Susan’s hand came to her mouth.

“I turned my phone off because I needed to focus on the presentation.” Paul’s voice cracked. “By the time I turned it back on five hours later, Michelle had left eight messages. When I got home the next morning, our daughter was already gone.”

The silence that followed felt crushing.

“It was a placental abruption. Sophie—we’d already named her—died sometime during the night.” He drew a shaky breath. “When I saw Michelle, she told me something she’d never told me before. The doctor said that if she’d gone directly to the emergency room when the cramps started, they could have performed an emergency caesarean. At twenty-four weeks, Sophie would have needed months in the NICU. But she would have had a genuine chance at survival.”

Susan’s eyes filled with tears.

“If I’d told Michelle to go straight to the hospital instead of dismissing her concerns, our daughter would probably be alive right now.” The words tasted like ash. “She’d be twenty years old. But instead, she’s buried in a cemetery outside San Francisco because I thought a meeting was more important than my wife saying something was wrong.”

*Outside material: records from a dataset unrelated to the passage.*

lemma associate_of_n_1_if_prime_dvd:
  fixes n x y m P :: int
  assumes norm: "x^2 + x*y + y^2 = n^2 + n + 1" and N: "n^2 + n + 1 = m*P"
    and "prime P" and m: "m = 1 \<or> m = 3" and "P dvd x - n*y"
  shows "(x, y) \<in> associates (n, 1)"
proof -
  \<comment> \<open>\<open>(u, w)\<close> stands for \<open>(x - y\<omega>)(n + 1 + \<omega>)\<close>, and \<open>n + 1 + \<omega>\<close> is the conjugate of \<open>n - \<omega>\<close>.\<close>
  define u where "u = (n + 1)*x + y"
  define w where "w = n*y - x"
  have "u^2 + u*w + w^2 = (x^2 + x*y + y^2)*(n^2 + n + 1)"
    unfolding u_def w_def by (simp add: algebra_simps power2_eq_square)
  then have "u^2 + u*w + w^2 = (m*P)^2"
    using norm N by (simp add: power2_eq_square)
  moreover have "P dvd w"
    using \<open>P dvd x - n*y\<close> unfolding w_def by (simp add: dvd_diff_commute)
  ultimately have "(u, w) \<in> associates ((m*P)*1, (m*P)*0)"
    using associate_of_multiple_of_prime \<open>prime P\<close> m by simp
  then obtain e1 e2 where e: "(e1, e2) \<in> associates (1, 0)" and "u = m*P*e1" and "w = m*P*e2"
    unfolding associates_scale by (auto simp del: associates.simps)
  moreover have "(m*P)*x = n*u - w" and "(m*P)*y = u + (n + 1)*w"
    unfolding N[symmetric] u_def w_def by (simp_all add: algebra_simps power2_eq_square)
  ultimately have "(m*P)*x = (m*P)*(n*e1 - e2)" and "(m*P)*y = (m*P)*(e1 + (n + 1)*e2)"
    by (simp_all add: algebra_simps)
  moreover have "m*P \<noteq> 0"
    using N norm_form_pos[of n 1] by auto
  ultimately have "(x, y) = (n*e1 - e2, e1 + (n + 1)*e2)"
    by simp
  moreover have "(e1, e2) \<in> {(1, 0), (0, 1), (-1, 1), (-1, 0), (0, -1), (1, -1)}"
    using e by simp
  ultimately show ?thesis
    by (elim insertE emptyE) (simp_all add: algebra_simps)
qed

lemma positive_representation_unique:
  fixes n a b m P :: int
  assumes "n > 0" and "a > 0" and "b > 0" and norm: "a^2 + a*b + b^2 = n^2 + n + 1"
    and N: "n^2 + n + 1 = m*P" and "prime P" and m: "m = 1 \<or> m = 3"
  shows "(a, b) = (n, 1) \<or> (a, b) = (1, n)"
proof -
  have positive_associate_n_1: "(x, y) = (n, 1)" if "(x, y) \<in> associates (n, 1)" "x > 0" "y > 0" for x y
    using that \<open>n > 0\<close> by auto
  have "(a - n*b)*(a + (n + 1)*b) = (a^2 + a*b + b^2) - (n^2 + n + 1)*b^2"
    by (simp add: algebra_simps power2_eq_square)
  then have "P dvd (a - n*b)*(a + (n + 1)*b)"
    using norm N by simp
  then consider "P dvd a - n*b" | "P dvd a + (n + 1)*b"
    using \<open>prime P\<close> prime_dvd_mult_iff by blast
  then show ?thesis
  proof cases
    case 1
    then have "(a, b) \<in> associates (n, 1)"
      using associate_of_n_1_if_prime_dvd norm N \<open>prime P\<close> m by blast
    then show ?thesis
      using positive_associate_n_1 \<open>a > 0\<close> \<open>b > 0\<close> by blast
  next
    case 2
    have "b - n*a = (n^2 + n + 1)*b - n*(a + (n + 1)*b)"
      by (simp add: algebra_simps power2_eq_square)
    then have "P dvd b - n*a"
      using 2 N by simp
    moreover have "b^2 + b*a + a^2 = n^2 + n + 1"
      using norm by (simp add: algebra_simps)
    ultimately have "(b, a) \<in> associates (n, 1)"
      using associate_of_n_1_if_prime_dvd N \<open>prime P\<close> m by blast
    then show ?thesis
      using positive_associate_n_1 \<open>a > 0\<close> \<open>b > 0\<close> by blast
  qed
qed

“You didn’t know,” Susan said, standing and crossing to him. “Paul, you couldn’t have known what was happening.”

“That’s what Michelle said.” Paul’s voice was hollow. “But she trusted me. She believed me when I said she was overreacting, even when she thought something was wrong.”

He turned to face Susan fully. “Michelle left me six months after Sophie died. She was afraid she’d lose herself if she stayed married to me.”

Susan reached for his hand, her fingers warm against his cold skin.

He gripped her hand and looked directly at her. “I’m terrified I’ll fall back into old habits with someone I care about. Someone like you.”

Susan’s eyes searched his face. “Is that why you didn’t tell me where you were going?”

Paul nodded. “When Karen called about Michelle, I panicked. I didn’t know how to explain twenty years of guilt in a text message.”

Susan was quiet for a moment. “What happened to Sophie was heartbreaking. But punishing yourself won’t bring your daughter back.”

Paul wiped tears from his eyes. “How do I forgive myself for something like that?”

“I don’t know. But maybe you start by accepting that you were human. That you’ve spent twenty years trying to become someone different.”

Paul pulled Susan closer, wrapping his arms around her. She came willingly, her head resting against his chest.

“I’m scared,” he whispered. “I’m scared of hurting you the way I hurt Michelle.”

“Being scared means you care. It means you’re paying attention.” Susan pulled back to look up at him. “The fact that you’re terrified of repeating your mistakes is probably the best insurance against not doing the same thing again.”

Paul took a deep breath. “Thank you,” he finally said. “For listening. For not running away.”

Susan’s gaze was steady. “I’m not going anywhere. We’ll figure this out together.”

Paul cupped her face in his hands. “I want to do this right. I want to build something real with you. But I need you to be patient with me.”

Susan nodded. “It doesn’t matter how long it takes. I’m not going anywhere.”

Paul placed a gentle kiss on Susan’s lips. When they pulled apart, he rested his forehead against hers. He had a past he wasn’t proud of, and a future that could be so much more.